(* Let $m$ be a positive integer and let $S_1,\dots,S_{k-1}$ be pairwise disjoint subsets of $\mathbb{F}_2^m$, and let $d=\dim(\bigcup_iS_i)$. Then $\langle\mathcal{X}^4_{\overline{(S_1,\dots,S_{k-1})}}\rangle\le 2^{2dm+8d^2}B^{2^{d+2}}$, where $B=\max_{i,\epsilon,z}|\mathcal{X}^{(i)}(\epsilon,z)|$.
   Context: Consider a BMS channel with finitely many noise levels: for each input bit $X_x$, the channel independently draws $\epsilon_x\in[0,1/2]$ from a fixed distribution with finite support, draws $Z_x\in\mathbb{F}_2$ equal to $1$ with probability $\epsilon_x$, and outputs $(\epsilon_x,X_x+Z_x)$. Let $k$ be the number of possible pairs $(\epsilon_x,Z_x)$ and $\nu$ their joint distribution. Let $\mathcal{X}^{(0)},\dots,\mathcal{X}^{(k-1)}$ be functions from these pairs to $\mathbb{R}$ that are orthonormal in $L^2(\nu)$, with $\mathcal{X}^{(0)}\equiv1$. For pairwise disjoint $S_1,\dots,S_{k-1}\subseteq\mathbb{F}_2^m$, $\mathcal{X}_{(S_1,\dots,S_{k-1})}(\epsilon,Z)=\prod_{i=1}^{k-1}\prod_{x\in S_i}\mathcal{X}^{(i)}(\epsilon_x,Z_x)$, a function of $(\epsilon_x,Z_x)_{x\in\mathbb{F}_2^m}$. $\langle g\rangle$ is the expectation of $g$ when $(\epsilon_x,Z_x)_{x\in\mathbb{F}_2^m}$ are i.i.d. with law $\nu$. $\overline{(S_1,\dots,S_{k-1})}$ is the set of distinct tuples $(\pi(S_1),\dots,\pi(S_{k-1}))$ over invertible linear maps $\pi$ of $\mathbb{F}_2^m$, and $\mathcal{X}_{\overline{(S_1,\dots,S_{k-1})}}$ is the sum of $\mathcal{X}_{T}$ over tuples $T$ in this set. $\dim$ denotes the dimension of the linear span in $\mathbb{F}_2^m$. *)

theory Defs
  imports "HOL-Analysis.Analysis" "HOL-Probability.Probability" "HOL-Library.Z2"
begin

text \<open>F_2^m is modelled as bit^'n with m = CARD('n). Noise pairs (epsilon, Z) are
  elements of real \<times> bool (Z = True meaning Z = 1).\<close>

definition BMS_channel :: "(real \<times> bool) pmf \<Rightarrow> bool" where
  "BMS_channel \<nu> \<longleftrightarrow> (\<exists>\<mu>::real pmf. finite (set_pmf \<mu>) \<and> set_pmf \<mu> \<subseteq> {0..1/2} \<and>
      \<nu> = bind_pmf \<mu> (\<lambda>e. map_pmf (\<lambda>z. (e, z)) (bernoulli_pmf e)))"

definition chiS :: "(nat \<Rightarrow> real \<times> bool \<Rightarrow> real) \<Rightarrow> nat \<Rightarrow> (nat \<Rightarrow> (bit^'n) set)
    \<Rightarrow> ((bit^'n) \<Rightarrow> real \<times> bool) \<Rightarrow> real" where
  "chiS X k S \<omega> = (\<Prod>i\<in>{1..<k}. \<Prod>x\<in>S i. X i (\<omega> x))"

definition linear_auts :: "((bit^'n) \<Rightarrow> (bit^'n)) set" where
  "linear_auts = {\<pi>. Vector_Spaces.linear (*s) (*s) \<pi> \<and> bij \<pi>}"

definition orbit :: "nat \<Rightarrow> (nat \<Rightarrow> (bit^'n) set) \<Rightarrow> (nat \<Rightarrow> (bit^'n) set) set" where
  "orbit k S = {restrict (\<lambda>i. \<pi> ` S i) {1..<k} | \<pi>. \<pi> \<in> linear_auts}"

definition chi_orbit :: "(nat \<Rightarrow> real \<times> bool \<Rightarrow> real) \<Rightarrow> nat \<Rightarrow> (nat \<Rightarrow> (bit^'n) set)
    \<Rightarrow> ((bit^'n) \<Rightarrow> real \<times> bool) \<Rightarrow> real" where
  "chi_orbit X k S \<omega> = (\<Sum>T\<in>orbit k S. chiS X k T \<omega>)"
------------------------------------------------------------
The problem — Extract each line from the listing that holds the word "lambda".

Reply to the exercise —
      \<nu> = bind_pmf \<mu> (\<lambda>e. map_pmf (\<lambda>z. (e, z)) (bernoulli_pmf e)))"
  "orbit k S = {restrict (\<lambda>i. \<pi> ` S i) {1..<k} | \<pi>. \<pi> \<in> linear_auts}"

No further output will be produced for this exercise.